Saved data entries
--------------------------------------------------

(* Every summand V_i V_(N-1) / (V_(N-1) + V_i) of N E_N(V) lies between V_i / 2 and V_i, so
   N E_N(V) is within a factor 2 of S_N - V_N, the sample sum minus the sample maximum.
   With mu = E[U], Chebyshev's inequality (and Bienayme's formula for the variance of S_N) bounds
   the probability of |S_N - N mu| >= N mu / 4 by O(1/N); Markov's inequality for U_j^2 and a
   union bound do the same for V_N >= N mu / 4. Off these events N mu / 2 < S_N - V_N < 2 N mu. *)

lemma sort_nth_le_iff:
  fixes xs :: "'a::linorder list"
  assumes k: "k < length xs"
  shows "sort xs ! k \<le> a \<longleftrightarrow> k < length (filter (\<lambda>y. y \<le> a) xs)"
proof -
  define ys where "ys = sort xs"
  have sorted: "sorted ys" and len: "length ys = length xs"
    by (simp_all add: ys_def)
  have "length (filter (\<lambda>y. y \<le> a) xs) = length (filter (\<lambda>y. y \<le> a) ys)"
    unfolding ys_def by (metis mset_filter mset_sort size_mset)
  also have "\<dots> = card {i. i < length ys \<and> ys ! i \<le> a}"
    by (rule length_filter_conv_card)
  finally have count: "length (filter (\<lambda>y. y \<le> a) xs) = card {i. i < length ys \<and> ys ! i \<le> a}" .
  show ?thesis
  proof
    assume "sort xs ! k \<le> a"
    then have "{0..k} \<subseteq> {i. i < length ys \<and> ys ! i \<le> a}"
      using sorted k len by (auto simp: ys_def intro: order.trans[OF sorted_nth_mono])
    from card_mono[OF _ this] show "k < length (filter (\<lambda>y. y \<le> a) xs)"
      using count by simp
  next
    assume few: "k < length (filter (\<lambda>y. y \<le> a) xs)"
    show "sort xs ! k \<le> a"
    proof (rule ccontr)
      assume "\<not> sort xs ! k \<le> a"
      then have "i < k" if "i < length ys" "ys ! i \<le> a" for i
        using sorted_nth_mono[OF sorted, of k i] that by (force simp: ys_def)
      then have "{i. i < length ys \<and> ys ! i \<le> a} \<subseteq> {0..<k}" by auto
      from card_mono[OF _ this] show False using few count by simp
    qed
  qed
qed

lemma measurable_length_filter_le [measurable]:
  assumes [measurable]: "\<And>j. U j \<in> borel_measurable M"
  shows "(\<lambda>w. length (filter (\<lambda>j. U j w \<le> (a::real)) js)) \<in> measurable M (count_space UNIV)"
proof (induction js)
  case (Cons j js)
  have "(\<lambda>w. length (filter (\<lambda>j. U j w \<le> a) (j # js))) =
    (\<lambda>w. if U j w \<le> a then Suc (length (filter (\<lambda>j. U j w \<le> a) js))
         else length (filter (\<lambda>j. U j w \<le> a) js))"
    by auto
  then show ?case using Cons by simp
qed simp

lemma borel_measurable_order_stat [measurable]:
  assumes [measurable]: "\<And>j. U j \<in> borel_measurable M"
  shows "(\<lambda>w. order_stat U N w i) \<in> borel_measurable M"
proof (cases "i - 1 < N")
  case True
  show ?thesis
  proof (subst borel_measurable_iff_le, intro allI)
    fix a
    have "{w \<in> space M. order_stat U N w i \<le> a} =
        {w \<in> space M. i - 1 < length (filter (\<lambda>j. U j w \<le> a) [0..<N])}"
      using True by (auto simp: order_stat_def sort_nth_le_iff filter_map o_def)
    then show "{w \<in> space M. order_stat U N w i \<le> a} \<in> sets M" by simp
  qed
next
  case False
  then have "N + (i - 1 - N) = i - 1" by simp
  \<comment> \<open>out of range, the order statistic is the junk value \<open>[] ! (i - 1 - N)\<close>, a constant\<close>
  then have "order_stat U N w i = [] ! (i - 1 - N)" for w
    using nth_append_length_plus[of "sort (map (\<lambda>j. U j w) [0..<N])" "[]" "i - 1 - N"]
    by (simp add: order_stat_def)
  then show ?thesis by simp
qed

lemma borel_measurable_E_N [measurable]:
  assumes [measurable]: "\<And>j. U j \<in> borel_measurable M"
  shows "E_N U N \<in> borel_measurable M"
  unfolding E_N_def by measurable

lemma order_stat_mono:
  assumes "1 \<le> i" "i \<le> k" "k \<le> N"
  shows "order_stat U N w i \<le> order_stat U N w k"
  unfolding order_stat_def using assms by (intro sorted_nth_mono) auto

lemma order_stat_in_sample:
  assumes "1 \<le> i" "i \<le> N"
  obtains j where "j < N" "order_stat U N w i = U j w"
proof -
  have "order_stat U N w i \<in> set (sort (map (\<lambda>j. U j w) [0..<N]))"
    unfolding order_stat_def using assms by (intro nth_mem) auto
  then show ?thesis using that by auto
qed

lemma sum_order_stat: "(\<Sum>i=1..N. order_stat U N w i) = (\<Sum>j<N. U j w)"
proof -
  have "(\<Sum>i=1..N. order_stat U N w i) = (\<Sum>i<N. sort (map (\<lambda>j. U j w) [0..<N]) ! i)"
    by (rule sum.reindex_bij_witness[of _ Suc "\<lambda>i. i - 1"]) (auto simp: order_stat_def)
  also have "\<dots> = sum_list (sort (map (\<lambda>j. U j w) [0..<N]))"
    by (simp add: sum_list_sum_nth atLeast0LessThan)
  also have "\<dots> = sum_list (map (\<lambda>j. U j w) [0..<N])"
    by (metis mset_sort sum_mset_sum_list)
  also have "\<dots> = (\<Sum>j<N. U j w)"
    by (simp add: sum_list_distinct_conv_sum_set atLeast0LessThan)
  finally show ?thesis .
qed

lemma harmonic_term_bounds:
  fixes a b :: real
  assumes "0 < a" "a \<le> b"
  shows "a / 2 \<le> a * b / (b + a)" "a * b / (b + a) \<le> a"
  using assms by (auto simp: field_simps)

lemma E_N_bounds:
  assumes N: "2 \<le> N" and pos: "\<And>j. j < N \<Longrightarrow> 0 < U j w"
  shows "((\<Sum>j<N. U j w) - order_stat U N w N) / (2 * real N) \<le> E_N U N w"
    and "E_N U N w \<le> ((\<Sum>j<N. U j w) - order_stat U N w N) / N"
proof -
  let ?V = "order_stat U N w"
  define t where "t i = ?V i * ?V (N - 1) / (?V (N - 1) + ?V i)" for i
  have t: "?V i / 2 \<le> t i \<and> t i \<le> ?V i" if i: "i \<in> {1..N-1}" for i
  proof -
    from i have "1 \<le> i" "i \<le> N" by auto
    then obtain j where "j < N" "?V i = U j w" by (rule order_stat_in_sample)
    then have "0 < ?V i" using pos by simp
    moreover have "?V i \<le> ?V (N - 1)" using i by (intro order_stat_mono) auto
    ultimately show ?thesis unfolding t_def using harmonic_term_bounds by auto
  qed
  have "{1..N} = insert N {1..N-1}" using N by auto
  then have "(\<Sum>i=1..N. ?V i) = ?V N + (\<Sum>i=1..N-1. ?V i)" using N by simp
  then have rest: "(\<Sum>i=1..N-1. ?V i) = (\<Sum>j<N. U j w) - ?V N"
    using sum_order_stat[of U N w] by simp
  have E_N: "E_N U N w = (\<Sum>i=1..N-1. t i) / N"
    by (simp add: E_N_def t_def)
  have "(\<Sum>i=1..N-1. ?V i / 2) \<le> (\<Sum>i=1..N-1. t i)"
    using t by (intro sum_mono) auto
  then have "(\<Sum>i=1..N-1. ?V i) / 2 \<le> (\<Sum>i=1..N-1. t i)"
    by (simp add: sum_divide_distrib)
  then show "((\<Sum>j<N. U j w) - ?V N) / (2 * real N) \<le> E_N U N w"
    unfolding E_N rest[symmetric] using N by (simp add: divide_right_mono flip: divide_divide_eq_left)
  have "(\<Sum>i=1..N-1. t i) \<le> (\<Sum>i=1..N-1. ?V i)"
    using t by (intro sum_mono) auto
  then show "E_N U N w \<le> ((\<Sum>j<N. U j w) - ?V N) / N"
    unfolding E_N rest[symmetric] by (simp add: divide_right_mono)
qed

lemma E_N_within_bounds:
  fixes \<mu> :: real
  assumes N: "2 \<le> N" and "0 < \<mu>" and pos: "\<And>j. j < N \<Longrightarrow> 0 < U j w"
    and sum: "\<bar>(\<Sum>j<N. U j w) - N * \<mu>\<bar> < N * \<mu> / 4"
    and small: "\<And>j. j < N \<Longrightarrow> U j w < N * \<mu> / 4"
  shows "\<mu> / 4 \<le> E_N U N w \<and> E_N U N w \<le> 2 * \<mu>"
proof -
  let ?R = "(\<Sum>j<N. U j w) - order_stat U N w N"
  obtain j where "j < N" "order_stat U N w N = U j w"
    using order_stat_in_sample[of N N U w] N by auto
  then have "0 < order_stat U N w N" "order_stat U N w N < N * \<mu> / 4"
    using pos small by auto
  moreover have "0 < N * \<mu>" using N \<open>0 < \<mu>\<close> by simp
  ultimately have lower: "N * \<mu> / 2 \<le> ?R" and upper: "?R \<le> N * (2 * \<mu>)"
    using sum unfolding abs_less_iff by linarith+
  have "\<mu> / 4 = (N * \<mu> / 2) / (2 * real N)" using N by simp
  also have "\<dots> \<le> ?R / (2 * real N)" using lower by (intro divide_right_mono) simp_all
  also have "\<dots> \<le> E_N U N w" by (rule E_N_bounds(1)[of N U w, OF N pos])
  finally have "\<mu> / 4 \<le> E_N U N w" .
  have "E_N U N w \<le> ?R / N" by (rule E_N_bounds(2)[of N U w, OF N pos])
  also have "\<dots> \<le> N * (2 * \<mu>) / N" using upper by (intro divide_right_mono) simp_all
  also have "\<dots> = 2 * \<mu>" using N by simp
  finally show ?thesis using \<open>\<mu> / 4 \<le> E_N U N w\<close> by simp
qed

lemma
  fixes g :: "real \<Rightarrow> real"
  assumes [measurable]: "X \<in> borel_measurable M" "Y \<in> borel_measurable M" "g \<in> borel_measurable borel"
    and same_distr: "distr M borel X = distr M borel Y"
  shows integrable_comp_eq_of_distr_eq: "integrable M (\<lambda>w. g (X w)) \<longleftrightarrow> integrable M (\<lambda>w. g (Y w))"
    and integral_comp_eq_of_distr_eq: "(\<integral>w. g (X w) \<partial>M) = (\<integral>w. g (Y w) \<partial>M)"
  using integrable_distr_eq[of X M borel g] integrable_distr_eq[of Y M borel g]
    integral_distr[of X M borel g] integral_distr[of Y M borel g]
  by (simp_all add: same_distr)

--------------------------------------------------

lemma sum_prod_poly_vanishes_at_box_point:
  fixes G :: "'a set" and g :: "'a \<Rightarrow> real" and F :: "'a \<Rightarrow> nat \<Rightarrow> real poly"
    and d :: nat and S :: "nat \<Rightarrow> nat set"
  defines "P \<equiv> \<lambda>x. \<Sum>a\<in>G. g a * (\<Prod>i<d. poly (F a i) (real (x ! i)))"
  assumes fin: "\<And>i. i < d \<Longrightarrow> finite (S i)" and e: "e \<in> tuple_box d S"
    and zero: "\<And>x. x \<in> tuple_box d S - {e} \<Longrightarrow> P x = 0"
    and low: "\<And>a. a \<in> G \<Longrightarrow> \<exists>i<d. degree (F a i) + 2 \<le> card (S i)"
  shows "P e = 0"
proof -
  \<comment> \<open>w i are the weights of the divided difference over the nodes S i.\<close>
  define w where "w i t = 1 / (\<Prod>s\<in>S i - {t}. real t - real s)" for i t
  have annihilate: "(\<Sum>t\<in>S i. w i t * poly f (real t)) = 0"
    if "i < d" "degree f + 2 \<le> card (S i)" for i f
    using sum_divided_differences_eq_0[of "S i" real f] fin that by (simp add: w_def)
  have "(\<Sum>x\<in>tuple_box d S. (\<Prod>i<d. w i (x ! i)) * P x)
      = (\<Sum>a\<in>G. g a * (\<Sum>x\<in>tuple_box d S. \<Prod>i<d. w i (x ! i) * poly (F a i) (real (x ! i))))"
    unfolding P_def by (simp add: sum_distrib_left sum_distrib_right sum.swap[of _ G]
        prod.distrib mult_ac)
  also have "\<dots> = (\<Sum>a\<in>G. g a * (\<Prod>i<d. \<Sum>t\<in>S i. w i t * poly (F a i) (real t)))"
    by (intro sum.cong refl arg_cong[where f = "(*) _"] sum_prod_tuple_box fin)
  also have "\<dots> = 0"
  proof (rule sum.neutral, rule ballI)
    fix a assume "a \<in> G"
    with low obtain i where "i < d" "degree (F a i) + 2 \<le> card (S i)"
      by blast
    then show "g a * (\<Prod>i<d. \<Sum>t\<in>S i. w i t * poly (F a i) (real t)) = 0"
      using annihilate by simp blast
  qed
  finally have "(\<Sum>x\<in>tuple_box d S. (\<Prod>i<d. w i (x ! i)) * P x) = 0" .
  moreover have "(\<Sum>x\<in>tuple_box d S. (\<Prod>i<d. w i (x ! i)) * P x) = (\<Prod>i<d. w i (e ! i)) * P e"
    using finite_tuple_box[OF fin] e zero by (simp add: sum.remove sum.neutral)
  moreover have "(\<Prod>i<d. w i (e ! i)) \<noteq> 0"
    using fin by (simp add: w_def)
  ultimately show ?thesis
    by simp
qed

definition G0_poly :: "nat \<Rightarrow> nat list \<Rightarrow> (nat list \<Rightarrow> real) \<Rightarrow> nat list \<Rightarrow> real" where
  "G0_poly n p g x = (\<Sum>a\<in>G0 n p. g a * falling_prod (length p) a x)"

--------------------------------------------------

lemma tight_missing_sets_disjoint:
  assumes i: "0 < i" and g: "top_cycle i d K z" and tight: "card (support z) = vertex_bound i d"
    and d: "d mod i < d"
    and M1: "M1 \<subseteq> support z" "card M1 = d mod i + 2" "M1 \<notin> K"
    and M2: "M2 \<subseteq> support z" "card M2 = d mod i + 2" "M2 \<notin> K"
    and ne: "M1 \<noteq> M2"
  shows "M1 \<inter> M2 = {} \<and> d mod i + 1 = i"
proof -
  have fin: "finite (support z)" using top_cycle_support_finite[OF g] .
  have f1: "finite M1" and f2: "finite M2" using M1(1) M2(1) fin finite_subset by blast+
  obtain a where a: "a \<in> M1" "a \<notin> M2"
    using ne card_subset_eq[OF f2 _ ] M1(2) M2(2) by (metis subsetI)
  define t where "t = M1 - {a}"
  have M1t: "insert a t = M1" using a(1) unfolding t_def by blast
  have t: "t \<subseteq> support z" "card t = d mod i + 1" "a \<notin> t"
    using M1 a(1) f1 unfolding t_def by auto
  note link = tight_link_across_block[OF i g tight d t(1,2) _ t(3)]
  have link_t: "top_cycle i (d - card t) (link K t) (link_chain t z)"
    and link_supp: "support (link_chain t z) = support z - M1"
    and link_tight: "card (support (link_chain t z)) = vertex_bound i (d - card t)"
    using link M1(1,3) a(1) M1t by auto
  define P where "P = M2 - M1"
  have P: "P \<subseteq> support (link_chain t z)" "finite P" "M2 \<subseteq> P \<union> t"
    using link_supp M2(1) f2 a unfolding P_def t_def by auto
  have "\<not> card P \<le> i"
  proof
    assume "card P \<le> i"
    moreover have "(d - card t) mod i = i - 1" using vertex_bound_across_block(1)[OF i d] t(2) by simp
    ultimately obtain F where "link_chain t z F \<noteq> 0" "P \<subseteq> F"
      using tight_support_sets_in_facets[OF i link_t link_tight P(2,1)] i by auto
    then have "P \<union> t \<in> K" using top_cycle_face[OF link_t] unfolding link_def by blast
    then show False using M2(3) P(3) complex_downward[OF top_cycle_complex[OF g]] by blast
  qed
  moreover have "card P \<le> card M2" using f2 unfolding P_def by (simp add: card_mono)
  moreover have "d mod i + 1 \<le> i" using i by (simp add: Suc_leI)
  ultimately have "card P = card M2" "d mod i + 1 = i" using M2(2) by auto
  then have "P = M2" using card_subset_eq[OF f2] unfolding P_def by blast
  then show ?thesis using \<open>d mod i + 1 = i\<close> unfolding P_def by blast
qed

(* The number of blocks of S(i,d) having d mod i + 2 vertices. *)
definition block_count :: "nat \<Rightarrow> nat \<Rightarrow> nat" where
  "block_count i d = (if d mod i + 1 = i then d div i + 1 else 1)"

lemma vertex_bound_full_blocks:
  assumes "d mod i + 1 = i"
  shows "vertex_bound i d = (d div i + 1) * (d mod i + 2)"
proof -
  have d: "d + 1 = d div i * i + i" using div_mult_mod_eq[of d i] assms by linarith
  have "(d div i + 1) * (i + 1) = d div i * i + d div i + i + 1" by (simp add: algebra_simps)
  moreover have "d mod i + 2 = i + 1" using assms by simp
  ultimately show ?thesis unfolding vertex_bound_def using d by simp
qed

--------------------------------------------------

WHAT TO WORK ON: Please go through the data and copy each line containing the word "finally".

ANSWER AREA:
  finally have count: "length (filter (\<lambda>y. y \<le> a) xs) = card {i. i < length ys \<and> ys ! i \<le> a}" .
  finally show ?thesis .
  finally have "\<mu> / 4 \<le> E_N U N w" .
  finally show ?thesis using \<open>\<mu> / 4 \<le> E_N U N w\<close> by simp
  finally have "(\<Sum>x\<in>tuple_box d S. (\<Prod>i<d. w i (x ! i)) * P x) = 0" .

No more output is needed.